Say for instance you were given that $\mathbf r = t^3 \vec i+t^2\vec j+t\vec k$ and $\mathbf A = sinx \vec i+cosy \vec j+xz \vec k$.
When calculating the line integral $$\oint\mathbf A \bullet d\mathbf r$$ do you do anything different to when calculating $$\int\mathbf A \bullet d\mathbf r$$?
On
In general there is no difference. However, if you know that $\mathbf{A}$ is a conservative field, then $$\oint \mathbf{A} \cdot d\mathbf{r} = 0, \int_\gamma \mathbf{A} \cdot d\mathbf{r} = \mathbf{A}(\gamma(b)) - \mathbf{A}(\gamma(a))$$ where $\gamma(a),\gamma(b)$ are the starting and end points of $\gamma$, respectively.
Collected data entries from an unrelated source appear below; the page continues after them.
(* Under the hypotheses of Theorem 2 (NEAR-DGD$^t$ from a common initial point $s_0$, so $x_{i,0}=y_{i,0}=s_0$; each $f_i$ $\mu_i$-strongly convex with $L_i$-Lipschitz gradient; $0<\alpha\le\min\{1/L,c_4\}$), with $\alpha c_2<1$, $\delta=\frac{c_2}{2(1-\alpha c_2)}$, $c_1=\sqrt{1-\alpha c_2/2}$ and $c_3=\sqrt{\alpha(\alpha+\delta^{-1})}\,DL$, for all $k=0,1,2,\ldots$ and $1\le i\le n$: $$\|x_{i,k}-x^\star\|\le c_1^k\|s_0-x^\star\|+\frac{c_3}{\sqrt{1-c_1^2}}\beta^t+\beta^tD,$$ $$\|y_{i,k}-x^\star\|\le c_1^k\|s_0-x^\star\|+\frac{c_3}{\sqrt{1-c_1^2}}\beta^t+\beta^tD+2D.$$
   Context: NEAR-DGD$^t$: $\mathbf{x}_k=(\mathbf{W}^t\otimes I_p)\mathbf{y}_k$, $\mathbf{y}_{k+1}=\mathbf{x}_k-\alpha\nabla\mathbf{f}(\mathbf{x}_k)$, $\nabla\mathbf{f}(\mathbf{x})=(\nabla f_1(x_1);\ldots;\nabla f_n(x_n))$, with $\mathbf{W}$ a symmetric doubly-stochastic matrix of a connected network ($w_{ii}>0$, $w_{ij}>0$ iff neighbours), simple eigenvalue $1$, other eigenvalues in $(-1,1)$, $\beta\in(0,1)$ its second largest eigenvalue magnitude. $x^\star$ is the minimizer of $h=\sum_if_i$. $L=\max_iL_i$, $\mu_{\bar f}=\frac1n\sum_i\mu_i$, $L_{\bar f}=\frac1n\sum_iL_i$, $c_2=\frac{2\mu_{\bar f}L_{\bar f}}{\mu_{\bar f}+L_{\bar f}}$, $c_4=\frac{2}{\mu_{\bar f}+L_{\bar f}}$, $D=\|\mathbf{y}_0-\mathbf{u}^\star\|+\frac{\nu+4}{\nu}\|\mathbf{u}^\star\|$, $\mathbf{u}^\star=(\arg\min f_1;\ldots;\arg\min f_n)$, $\nu=2\alpha\min_i\frac{\mu_iL_i}{\mu_i+L_i}$. *)

theory Defs
  imports "HOL-Analysis.Analysis"
begin

primrec matpow :: "real^'n^'n \<Rightarrow> nat \<Rightarrow> real^'n^'n" where
  "matpow A 0 = mat 1"
| "matpow A (Suc k) = A ** matpow A k"

definition strongly_convex :: "real \<Rightarrow> ('a::real_normed_vector \<Rightarrow> real) \<Rightarrow> bool" where
  "strongly_convex \<mu> f \<longleftrightarrow>
     (\<forall>x y. \<forall>\<theta>::real. 0 \<le> \<theta> \<and> \<theta> \<le> 1 \<longrightarrow>
        f (\<theta> *\<^sub>R x + (1 - \<theta>) *\<^sub>R y)
          \<le> \<theta> * f x + (1 - \<theta>) * f y - \<mu> / 2 * \<theta> * (1 - \<theta>) * (norm (x - y))\<^sup>2)"

definition is_eigenvalue :: "real^'n^'n \<Rightarrow> real \<Rightarrow> bool" where
  "is_eigenvalue A l \<longleftrightarrow> (\<exists>v. v \<noteq> 0 \<and> A *v v = l *\<^sub>R v)"

text \<open>Second largest eigenvalue magnitude, given that 1 is a simple eigenvalue.\<close>
definition second_eig_mag :: "real^'n^'n \<Rightarrow> real" where
  "second_eig_mag A = Max {\<bar>l\<bar> | l. is_eigenvalue A l \<and> l \<noteq> 1}"

text \<open>NEAR-DGD^t iterates: x_k = (W^t \<otimes> I_p) y_k, y_{k+1} = x_k - alpha grad f(x_k),
  started from y_{i,0} = s0 for every agent i.\<close>
definition near_dgd_iter ::
  "real^'n^'n \<Rightarrow> nat \<Rightarrow> real \<Rightarrow> ('n \<Rightarrow> 'a::real_normed_vector \<Rightarrow> 'a) \<Rightarrow> 'a
   \<Rightarrow> (nat \<Rightarrow> 'n \<Rightarrow> 'a) \<Rightarrow> (nat \<Rightarrow> 'n \<Rightarrow> 'a) \<Rightarrow> bool" where
  "near_dgd_iter W t \<alpha> g s0 x y \<longleftrightarrow>
     (\<forall>i. y 0 i = s0) \<and>
     (\<forall>k i. x k i = (\<Sum>j\<in>UNIV. (matpow W t) $ i $ j *\<^sub>R y k j)) \<and>
     (\<forall>k i. y (Suc k) i = x k i - \<alpha> *\<^sub>R g i (x k i))"

end

theory Submission
  imports Defs
begin

text \<open>The iterates stay bounded: each local gradient step contracts towards the minimiser \<open>u i\<close>
  of \<open>f i\<close> by the factor \<open>sqrt (1 - \<nu>)\<close> and mixing with the doubly stochastic \<open>W^t\<close> is
  nonexpansive, so the stacked distance of \<open>y k\<close> to \<open>u\<close> never exceeds its initial value plus
  \<open>4 \<parallel>u\<parallel> / \<nu>\<close>, which gives \<open>\<parallel>y k\<parallel> \<le> D\<close>. Since \<open>W^t - J\<close> (with \<open>J\<close> the averaging matrix)
  has operator norm at most \<open>\<beta>^t\<close>, every \<open>x k i\<close> lies within \<open>\<beta>^t D\<close> of the mean \<open>ybar k\<close>
  of the \<open>y k i\<close>. The mean performs an inexact gradient step on \<open>h / n\<close>, which contracts towards
  \<open>x\<^sup>\<star>\<close> by \<open>sqrt (1 - \<alpha> c2)\<close>, the error from evaluating the gradients at the \<open>x k i\<close> being at
  most \<open>\<alpha> L \<beta>^t D\<close>. A weighted Young inequality turns this into a linear recurrence for
  \<open>\<parallel>ybar k - x\<^sup>\<star>\<parallel>\<^sup>2\<close> with rate \<open>c1\<^sup>2\<close>, and the triangle inequality yields both bounds.\<close>

section \<open>Smooth strongly convex functions\<close>

lemma has_real_derivative_along_line:
  fixes f :: "'a::real_inner \<Rightarrow> real"
  assumes "(f has_derivative (\<lambda>h. g (x + s *\<^sub>R d) \<bullet> h)) (at (x + s *\<^sub>R d))"
  shows "((\<lambda>s. f (x + s *\<^sub>R d)) has_real_derivative (g (x + s *\<^sub>R d) \<bullet> d)) (at s)"
proof -
  have "((\<lambda>s. x + s *\<^sub>R d) has_derivative (\<lambda>t. t *\<^sub>R d)) (at s)"
    by (auto intro!: derivative_eq_intros)
  from has_derivative_compose[OF this assms]
  have "((\<lambda>s. f (x + s *\<^sub>R d)) has_derivative (\<lambda>t. g (x + s *\<^sub>R d) \<bullet> (t *\<^sub>R d))) (at s)"
    by simp
  moreover have "(\<lambda>t. g (x + s *\<^sub>R d) \<bullet> (t *\<^sub>R d)) = (*) (g (x + s *\<^sub>R d) \<bullet> d)"
    by (auto simp: fun_eq_iff)
  ultimately show ?thesis by (simp add: has_field_derivative_def)
qed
As pointed out in the comments, the circle on the integral sign indicates the integral is taken over a closed curve in space; it can be omitted without ambiguity when $\mathbf{r}$ is given, and in some sense they are exactly the same notation, just one is slightly more specific to the example you are working with.
THAT SAID, if you have a closed curve (which in your example you do not), you may apply Stokes' Theorem, which sometimes makes the calculation simpler if you can find a simple enough surface whose boundary is the curve in question and the curl $\nabla\times\mathbf{A}$ is simpler than $\mathbf{A}$. If the curve is not closed, then Stokes' theorem makes no sense and the integral has to be computed the old-fashioned way...